Michaelmas 2014 round
Virtual versions of musical instruments in the University’s collections will allow members of the public to play the instruments on their mobile phones by tapping, swiping, shaking, or blowing into the microphone. While the app will be available to users everywhere, locative technology will present users in the museums and the Bate collection with virtual versions of instruments near them.
Where possible the instruments themselves will be sampled to create playable notes. Where it is not possible to sample the instruments or isolate playable notes from previous recordings, users will be offered historical recordings and a playable version of a similar instrument. The instruments in the Bate Collection are accessible for sampling and in addition to being globally iconic instruments in their own right, can provide compelling alternatives to instruments in other collections.
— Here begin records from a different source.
text \<open>The gap at a block boundary is at least the first identifier of the new block.\<close>

lemma list_size_blocks_le:
  fixes Y :: "nat \<Rightarrow> nat set"
  assumes "\<forall>i<k. finite (Y i) \<and> Y i \<subseteq> {1..n}"
  shows "(\<Sum>i<k. list_size (sorted_list_of_set (Y i)))
         \<le> list_size (sorted_list_of_set (\<Union>i<k. (+) (i * n) ` Y i))"
  using assms
proof (induction k)
  case 0
  then show ?case by simp
next
  case (Suc k)
  let ?U = "\<Union>i<k. (+) (i * n) ` Y i"
  let ?xs = "sorted_list_of_set ?U"
  have fin: "finite ?U" "finite (Y k)" using Suc.prems by auto
  have U_le: "u \<le> k * n" if "u \<in> ?U" for u
  proof -
    obtain i y where "i < k" "y \<in> Y i" "u = i * n + y" using \<open>u \<in> ?U\<close> by auto
    moreover have "y \<le> n" using Suc.prems \<open>i < k\<close> \<open>y \<in> Y i\<close>
      by (metis atLeastAtMost_iff less_SucI subsetD)
    moreover have "i * n + n \<le> k * n" using \<open>i < k\<close>
      by (metis add.commute less_eq_Suc_le mult_Suc mult_le_mono1)
    ultimately show ?thesis by linarith
  qed
  have "k * n < b" if "b \<in> (+) (k * n) ` Y k" for b
    using Suc.prems that by force
  then have "\<forall>a\<in>?U. \<forall>b\<in>(+) (k * n) ` Y k. a < b"
    using U_le le_less_trans by blast
  then have "sorted_list_of_set (?U \<union> (+) (k * n) ` Y k)
             = ?xs @ map ((+) (k * n)) (sorted_list_of_set (Y k))"
    using fin by (simp add: sorted_list_of_set_Un_less sorted_list_of_set_image_add)
  moreover have "(\<Union>i<Suc k. (+) (i * n) ` Y i) = ?U \<union> (+) (k * n) ` Y k"
    by (simp add: lessThan_Suc Un_commute)
  moreover have "last (0 # ?xs) \<le> k * n"
    using last_in_set[of "0 # ?xs"] U_le fin by (auto simp del: last.simps)
  then have "gap_size 0 (sorted_list_of_set (Y k))
             \<le> gap_size (last (0 # ?xs)) (map ((+) (k * n)) (sorted_list_of_set (Y k)))"
    by (intro gap_size_le_shift) simp
  moreover have "(\<Sum>i<k. list_size (sorted_list_of_set (Y i))) \<le> list_size ?xs"
    using Suc by auto
  ultimately show ?case by (simp add: list_size_def gap_size_append)
qed

abbreviation node :: "'a set \<Rightarrow> ('a \<Rightarrow> 'b) \<Rightarrow> 'b \<Rightarrow> 'a set" where
  "node D g i \<equiv> {d \<in> D. g d = i}"

lemma local_ids_pos: "finite S \<Longrightarrow> d \<in> S \<Longrightarrow> 0 < local_ids S \<pi> d"
  unfolding local_ids_def by (subst card_gt_0_iff) auto

lemma local_ids_le_card: "finite S \<Longrightarrow> local_ids S \<pi> d \<le> card S"
  unfolding local_ids_def by (intro card_mono) auto

lemma local_ids_strict_mono:
  assumes "finite S" "d' \<in> S" "\<pi> d < \<pi> d'"
  shows "local_ids S \<pi> d < local_ids S \<pi> d'"
  unfolding local_ids_def
proof (rule psubset_card_mono)
  show "finite {e \<in> S. \<pi> e \<le> \<pi> d'}" using assms by simp
  have "d' \<in> {e \<in> S. \<pi> e \<le> \<pi> d'}" "d' \<notin> {e \<in> S. \<pi> e \<le> \<pi> d}"
    using assms by auto
  moreover have "{e \<in> S. \<pi> e \<le> \<pi> d} \<subseteq> {e \<in> S. \<pi> e \<le> \<pi> d'}"
    using assms by auto
  ultimately show "{e \<in> S. \<pi> e \<le> \<pi> d} \<subset> {e \<in> S. \<pi> e \<le> \<pi> d'}"
    by blast
qed

lemma index_size_eq_sum_superset:
  assumes "finite T" "\<Union>S \<subseteq> T"
  shows "index_size S ident = (\<Sum>t\<in>T. list_size (postings S ident t))"
  unfolding index_size_def
proof (rule sum.mono_neutral_left[OF assms])
  show "\<forall>t\<in>T - \<Union>S. list_size (postings S ident t) = 0"
  proof
    fix t assume "t \<in> T - \<Union>S"
    then have "{d \<in> S. t \<in> d} = {}" by auto
    then show "list_size (postings S ident t) = 0"
      unfolding postings_def list_size_def by (simp only:) simp
  qed
qed

lemma equal_partitions_less: "g \<in> equal_partitions D m \<Longrightarrow> d \<in> D \<Longrightarrow> g d < m"
  unfolding equal_partitions_def by auto

lemma local_ids_node_bounds:
  assumes "finite D" "g \<in> equal_partitions D m" "d \<in> D"
  shows "0 < local_ids (node D g (g d)) \<pi> d" "local_ids (node D g (g d)) \<pi> d \<le> card D div m"
proof -
  show "0 < local_ids (node D g (g d)) \<pi> d" using assms by (intro local_ids_pos) auto
  have "card (node D g (g d)) = card D div m"
    using assms equal_partitions_less[OF assms(2,3)] unfolding equal_partitions_def by auto
  then show "local_ids (node D g (g d)) \<pi> d \<le> card D div m"
    using local_ids_le_card[of "node D g (g d)" \<pi> d] assms(1) by simp
qed

definition block_ids ::
    "'a set set \<Rightarrow> nat \<Rightarrow> ('a set \<Rightarrow> nat) \<Rightarrow> ('a set \<Rightarrow> nat) \<Rightarrow> 'a set \<Rightarrow> nat" where
  "block_ids D m \<pi> g = (\<lambda>d\<in>D. g d * (card D div m) + local_ids (node D g (g d)) \<pi> d)"

lemma postings_block_ids:
  assumes "g \<in> equal_partitions D m"
  shows "postings D (block_ids D m \<pi> g) t
         = sorted_list_of_set (\<Union>i<m. (+) (i * (card D div m))
             ` local_ids (node D g i) \<pi> ` {d \<in> node D g i. t \<in> d})"
proof -
  have "block_ids D m \<pi> g ` {d \<in> D. t \<in> d}
        = (\<Union>i<m. (+) (i * (card D div m)) ` local_ids (node D g i) \<pi> ` {d \<in> node D g i. t \<in> d})"
    using equal_partitions_less[OF assms] unfolding block_ids_def by (auto simp: image_iff)
  then show ?thesis unfolding postings_def by simp
qed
This has the additional benefit of linking the collections together: A visitor to the Ashmolean might be presented with an image of the Stradivarius “Messiah” violin, hear a recording of it being played, and then be offered a playable version of the Henry Jay violin from the Bate Collection – with an appropriate explanation of the substitution, and of course an encouragement to visit the Bate! In the Pitt Rivers, the recently digitised ethnographic sound collection will provide historical recordings.
In addition to linking collections, the app will be able to plug into other music making apps in order to allow musicians to utilise the instruments in compositions. SoundCloud and YouTube channels will be set up to feature these compositions.
We propose an initial set of 20-30 instruments, which could be expanded in the future with additional funding. Crowd-sourcing offers a potential future mechanism for expanding the collection with users submitting samples of their own instruments.